If you operate the same blower at 2 pipelines of which the diameter is the same and the pressure is the same, but the Length1 < Length2, then you are right.

v-beginL1 = v-beginL2

v-endL1 = v-endL2

But in this situation, the Loading Ratio LR1>LR2

In other words: capacity L1 > capacity L2

success ■

Sachin

If your material capacity is the same in both examples you gave, then the terminal velocity is the same but the pick-up velocities are different due to the higher pressure drop in the longer length line.

Regards ■

dear all ,

i believe that for the smaller pipe length the pressure drop per unit equivalent length is more as the the total pressure drop across the pipe ends shall get uniformaly devided and hence the pickup velocities and as well as the conveying velocities shall be more in the smaller pipelength

regards

sachin ■

Dear Sachin,

The pressure drop per unit of equivalent length , defined as dp/L, is for a smaller length L1 higher than for a longer length L2, providing dp is the same for both lengths.

The velocity in the pipe is calculated as (minor influences neglegted);

v = blowervolume/pipearea * pabs/1 * 273/(273+t)
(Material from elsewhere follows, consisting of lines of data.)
(* Let $G=(V,E)$ be an undirected graph (finite or infinite) and let $X,Y$ be two ``strong'' partitive sets of $G$ with $X\cap Y=\emptyset$. Then there is at most one color class $\widehat A$ of $G$ containing an edge $(x,y)$ with $x\in X$ and $y\in Y$.
   Context: A graph $G=(V,E)$ has vertex set $V$ and edge set $E\subseteq V^2$; it is undirected if $E$ is irreflexive and symmetric. A set $X\subseteq V$ is a partitive set of $G$ if for all $a,b\in X$ and $c\in V\setminus X$: $(a,c)\in E\Leftrightarrow(b,c)\in E$ and $(c,a)\in E\Leftrightarrow(c,b)\in E$; $I(G)$ is the class of partitive sets. A ``strong'' partitive set is an $X\in I(G)$ such that for every $Y\in I(G)$ with $X\cap Y\neq\emptyset$, $X\subseteq Y$ or $Y\subseteq X$. Implication classes: on $E$ define $(a,b)\Gamma(a',b')$ iff either $a=a'$ and $(b,b')\notin E$, or $b=b'$ and $(a,a')\notin E$; the classes of the transitive closure $\Gamma^*$ are the implication classes. For an implication class $A$, $A^{-1}=\{(b,a):(a,b)\in A\}$ and the color class is $\widehat A=A\cup A^{-1}$. *)

theory Defs
  imports Main
begin

definition undirected_graph :: "'a set \<Rightarrow> ('a \<times> 'a) set \<Rightarrow> bool" where
  "undirected_graph V E \<longleftrightarrow> E \<subseteq> V \<times> V \<and> irrefl E \<and> sym E"

definition partitive :: "'a set \<Rightarrow> ('a \<times> 'a) set \<Rightarrow> 'a set \<Rightarrow> bool" where
  "partitive V E X \<longleftrightarrow> X \<subseteq> V \<and>
     (\<forall>a\<in>X. \<forall>b\<in>X. \<forall>c\<in>V - X.
        ((a, c) \<in> E \<longleftrightarrow> (b, c) \<in> E) \<and> ((c, a) \<in> E \<longleftrightarrow> (c, b) \<in> E))"

definition strong_partitive :: "'a set \<Rightarrow> ('a \<times> 'a) set \<Rightarrow> 'a set \<Rightarrow> bool" where
  "strong_partitive V E X \<longleftrightarrow> partitive V E X \<and>
     (\<forall>Y. partitive V E Y \<longrightarrow> X \<inter> Y \<noteq> {} \<longrightarrow> X \<subseteq> Y \<or> Y \<subseteq> X)"

definition Gamma :: "('a \<times> 'a) set \<Rightarrow> (('a \<times> 'a) \<times> ('a \<times> 'a)) set" where
  "Gamma E = {((a, b), (a', b')). (a, b) \<in> E \<and> (a', b') \<in> E \<and>
     ((a = a' \<and> (b, b') \<notin> E) \<or> (b = b' \<and> (a, a') \<notin> E))}"

definition implication_class :: "('a \<times> 'a) set \<Rightarrow> ('a \<times> 'a) set \<Rightarrow> bool" where
  "implication_class E A \<longleftrightarrow> A \<in> E // (Gamma E)\<^sup>+"

definition color_class :: "('a \<times> 'a) set \<Rightarrow> ('a \<times> 'a) set" where
  "color_class A = A \<union> A\<inverse>"

end

theory Submission
  imports Defs
begin

text \<open>Let X be strong partitive, x, x' \<in> X and y \<notin> X adjacent to x. If (x, y) and (x', y) lay in
  different implication classes, the vertices z \<in> X with (z, y) implied by (x, y), together with the
  component of y in the complement graph on the outer neighbourhood of X, would form a partitive set
  meeting X without being comparable to it. So all edges from X to a fixed outside vertex are
  implied by each other. Applied to X and to Y this links any two edges between X and Y; and since
  reversing edges maps implication classes to implication classes, the colour class of an edge
  depends only on its implication class.\<close>

lemma Gamma_subset: "Gamma E \<subseteq> E \<times> E"
  unfolding Gamma_def by auto

lemma Gamma_refl: "irrefl E \<Longrightarrow> p \<in> E \<Longrightarrow> (p, p) \<in> Gamma E"
  unfolding Gamma_def irrefl_def by (cases p) auto

lemma sym_Gamma: "sym E \<Longrightarrow> sym (Gamma E)"
  unfolding Gamma_def sym_def by auto

lemma Gamma_swap: "sym E \<Longrightarrow> (p, q) \<in> Gamma E \<Longrightarrow> (prod.swap p, prod.swap q) \<in> Gamma E"
  unfolding Gamma_def sym_def by (cases p, cases q) auto

lemma trancl_Gamma_swap:
  assumes "sym E" and "(p, q) \<in> (Gamma E)\<^sup>+"
  shows "(prod.swap p, prod.swap q) \<in> (Gamma E)\<^sup>+"
  using assms(2)
proof (induction rule: trancl_induct)
  case (base q)
  then show ?case using Gamma_swap[OF assms(1)] by blast
next
  case (step q r)
  then show ?case using Gamma_swap[OF assms(1)] by (meson trancl.trancl_into_trancl)
qed

lemma equiv_Gamma_trancl:
  assumes "irrefl E" and "sym E"
  shows "equiv E ((Gamma E)\<^sup>+)"
proof (rule equivI)
  show "(Gamma E)\<^sup>+ \<subseteq> E \<times> E" using Gamma_subset by (rule trancl_subset_Sigma)
  show "refl_on E ((Gamma E)\<^sup>+)"
    using Gamma_subset Gamma_refl[OF assms(1)] by (intro refl_onI) (auto intro: trancl_subset_Sigma)
  show "sym ((Gamma E)\<^sup>+)" using sym_Gamma[OF assms(2)] by (rule sym_trancl)
qed (rule trans_trancl)

lemma converse_Gamma_class:
  assumes "sym E"
  shows "((Gamma E)\<^sup>+ `` {p})\<inverse> = (Gamma E)\<^sup>+ `` {prod.swap p}"
  using trancl_Gamma_swap[OF assms, of p] trancl_Gamma_swap[OF assms, of "prod.swap p"] by fastforce

lemma color_class_eq_Gamma_class:
  assumes "irrefl E" and "sym E" and "implication_class E A" and "p \<in> color_class A"
  shows "color_class A = (Gamma E)\<^sup>+ `` {p} \<union> (Gamma E)\<^sup>+ `` {prod.swap p}"
proof -
  let ?T = "(Gamma E)\<^sup>+"
  have equiv: "equiv E ?T" using equiv_Gamma_trancl[OF assms(1,2)] .
  obtain e where A: "A = ?T `` {e}"
    using assms(3) unfolding implication_class_def by (auto elim: quotientE)
  have "p \<in> ?T `` {e} \<or> prod.swap p \<in> ?T `` {e}"
    using assms(4) unfolding color_class_def A by (cases p) auto
  then have "?T `` {e} = ?T `` {p} \<or> ?T `` {e} = ?T `` {prod.swap p}"
    using equiv_class_eq[OF equiv] by blast
  moreover have swap: "?T `` {prod.swap r} = (?T `` {r})\<inverse>" for r
    using converse_Gamma_class[OF assms(2)] by simp
  moreover have "color_class A = ?T `` {e} \<union> ?T `` {prod.swap e}"
    unfolding color_class_def A swap ..
  ultimately show ?thesis
    by (elim disjE) (simp_all add: swap Un_commute)
qed

lemma color_class_eq_if_Gamma_trancl:
  assumes "irrefl E" and "sym E" and "implication_class E A" and "implication_class E B"
    and "p \<in> color_class A" and "q \<in> color_class B" and "(p, q) \<in> (Gamma E)\<^sup>+"
  shows "color_class A = color_class B"
proof -
  have "(Gamma E)\<^sup>+ `` {p} = (Gamma E)\<^sup>+ `` {q}"
    using equiv_class_eq[OF equiv_Gamma_trancl[OF assms(1,2)] assms(7)] .
  then have "(Gamma E)\<^sup>+ `` {prod.swap p} = (Gamma E)\<^sup>+ `` {prod.swap q}"
    by (metis converse_Gamma_class[OF assms(2)])
  with \<open>(Gamma E)\<^sup>+ `` {p} = (Gamma E)\<^sup>+ `` {q}\<close> show ?thesis
    using color_class_eq_Gamma_class[OF assms(1-3,5)] color_class_eq_Gamma_class[OF assms(1,2,4,6)]
    by simp
qed

lemma color_class_subset:
  assumes "sym E" and "implication_class E A"
  shows "color_class A \<subseteq> E"
proof -
  have "A \<subseteq> E"
    using assms(2) trancl_subset_Sigma[OF Gamma_subset]
    unfolding implication_class_def by (auto elim!: quotientE)
  with assms(1) show ?thesis unfolding color_class_def by (auto dest: symD)
qed

lemma partitiveI_sym:
  assumes "sym E" and "M \<subseteq> V"
    and "\<And>a c. a \<in> M \<Longrightarrow> c \<in> V - M \<Longrightarrow> (a, c) \<in> E \<longleftrightarrow> c \<in> P"
  shows "partitive V E M"
  unfolding partitive_def using assms by (metis symD)

definition complement_edges :: "'a set \<Rightarrow> ('a \<times> 'a) set \<Rightarrow> ('a \<times> 'a) set" where
  "complement_edges S E = {(u, v). u \<in> S \<and> v \<in> S \<and> (u, v) \<notin> E}"

lemma Gamma_trancl_along_complement_path:
  assumes "irrefl E" and "\<And>v. v \<in> S \<Longrightarrow> (a, v) \<in> E"
    and "(u, w) \<in> (complement_edges S E)\<^sup>*" and "u \<in> S"
  shows "((a, u), (a, w)) \<in> (Gamma E)\<^sup>+"
  using assms(3)
proof (induction rule: rtrancl_induct)
  case base
  show ?case using Gamma_refl[OF assms(1)] assms(2,4) by blast
next
  case (step v w)
  then have "((a, v), (a, w)) \<in> Gamma E"
    using assms(2) unfolding complement_edges_def Gamma_def by auto
  with step.IH show ?case by (rule trancl_into_trancl)
qed

locale Gamma_unrelated_edges =
  fixes V :: "'a set" and E :: "('a \<times> 'a) set" and X :: "'a set" and x x' y :: 'a
  assumes undirected: "undirected_graph V E"
    and partitive_X: "partitive V E X"
    and x_in_X: "x \<in> X" and x'_in_X: "x' \<in> X"
    and y_outside: "y \<in> V - X"
    and edge_xy: "(x, y) \<in> E"
    and unrelated: "((x, y), (x', y)) \<notin> (Gamma E)\<^sup>+"
begin

lemma irrefl_E: "irrefl E" and sym_E: "sym E"
  using undirected unfolding undirected_graph_def by auto

definition outer_nbrs :: "'a set" where
  "outer_nbrs = {v \<in> V - X. (x, v) \<in> E}"

lemma adj_outer_nbrs: "z \<in> X \<Longrightarrow> v \<in> outer_nbrs \<Longrightarrow> (z, v) \<in> E"
  using partitive_X x_in_X unfolding partitive_def outer_nbrs_def by blast

lemma adj_outside_iff: "z \<in> X \<Longrightarrow> c \<in> V - X \<Longrightarrow> (z, c) \<in> E \<longleftrightarrow> c \<in> outer_nbrs"
  using partitive_X x_in_X unfolding partitive_def outer_nbrs_def by blast

lemma y_in_outer_nbrs: "y \<in> outer_nbrs"
  using y_outside edge_xy unfolding outer_nbrs_def by blast

definition co_component :: "'a set" where
  "co_component = (complement_edges outer_nbrs E)\<^sup>* `` {y}"

lemma y_in_co_component: "y \<in> co_component"
  unfolding co_component_def by blast

lemma co_component_subset: "co_component \<subseteq> outer_nbrs"
  using y_in_outer_nbrs unfolding co_component_def complement_edges_def
  by (auto elim: rtranclE)

lemma co_component_Gamma: "z \<in> X \<Longrightarrow> v \<in> co_component \<Longrightarrow> ((z, y), (z, v)) \<in> (Gamma E)\<^sup>+"
  using Gamma_trancl_along_complement_path[OF irrefl_E adj_outer_nbrs] y_in_outer_nbrs
  unfolding co_component_def by blast

lemma co_component_closed:
  assumes "a \<in> co_component" and "c \<in> outer_nbrs - co_component"
  shows "(a, c) \<in> E"
proof (rule ccontr)
  assume "(a, c) \<notin> E"
  then have "(a, c) \<in> complement_edges outer_nbrs E"
    using assms co_component_subset unfolding complement_edges_def by blast
  then have "c \<in> co_component"
    using assms(1) unfolding co_component_def by (blast intro: rtrancl_into_rtrancl)
  with assms(2) show False by blast
qed

definition related_part :: "'a set" where
  "related_part = {z \<in> X. ((x, y), (z, y)) \<in> (Gamma E)\<^sup>+}"

lemma related_part_closed:
  assumes "a \<in> related_part" and "c \<in> X - related_part"
  shows "(a, c) \<in> E"
proof (rule ccontr)
  assume "(a, c) \<notin> E"
  then have "((a, y), (c, y)) \<in> Gamma E"
    using assms adj_outer_nbrs[OF _ y_in_outer_nbrs]
    unfolding related_part_def Gamma_def by auto
  then have "c \<in> related_part"
    using assms unfolding related_part_def by (blast intro: trancl_into_trancl)
  with assms(2) show False by blast
qed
Note that the length is not part of the velocity calculation.

As long as the entrance pressure is the same, the velocity is also the same.

At the end of the pipeline, the pressure ia atmospheric for both pipelines, so the end velocity is also the same.

Do not forget that, when you change the pipeline length, either the pressure drop is kept constant and then the capacity changes or the capacity is kept constant and then the pressure changes.

When the pressure changes, the velocities change (see formula)

Intermediate solutions are also possible.

have a nice day ■

take a simple example

100 mm ID pipe

75 m long

true density of product = 1000 Kg/m3

capacity = 10 mtph

With a blower of 15 m3/min and a pressure at the pick-up point of 0.5 barg, the pick up velocity is roughly 1270 m/min and the terminal velocity is 1886 m/min.

If I extend the line to 125 m long, and change nothing else, the pressure at the pick-up point increases to 0.88 barg, the pick-up velocity drops to 1015 m/min and the terminal velocity remains the same.

Regards ■

Dear Teus,

firstly i think the pressure drop in the specified case is same ie at both the ends of the pipelengths the the pressure differential is of gauge pressure of blower discharge .

please clarify if the actual pressure drop in both the pipelengths are different i.e one pipelength has greater no of rotory feeder or some other pressure drop points that weather that parameter comes into account or not , if yes then how .

thanks and regards

sachin ■

Dear Hilbert ,

thanks for the clarification , but I am not getting the pickup velocity i.e by flow rate/ cross-section area .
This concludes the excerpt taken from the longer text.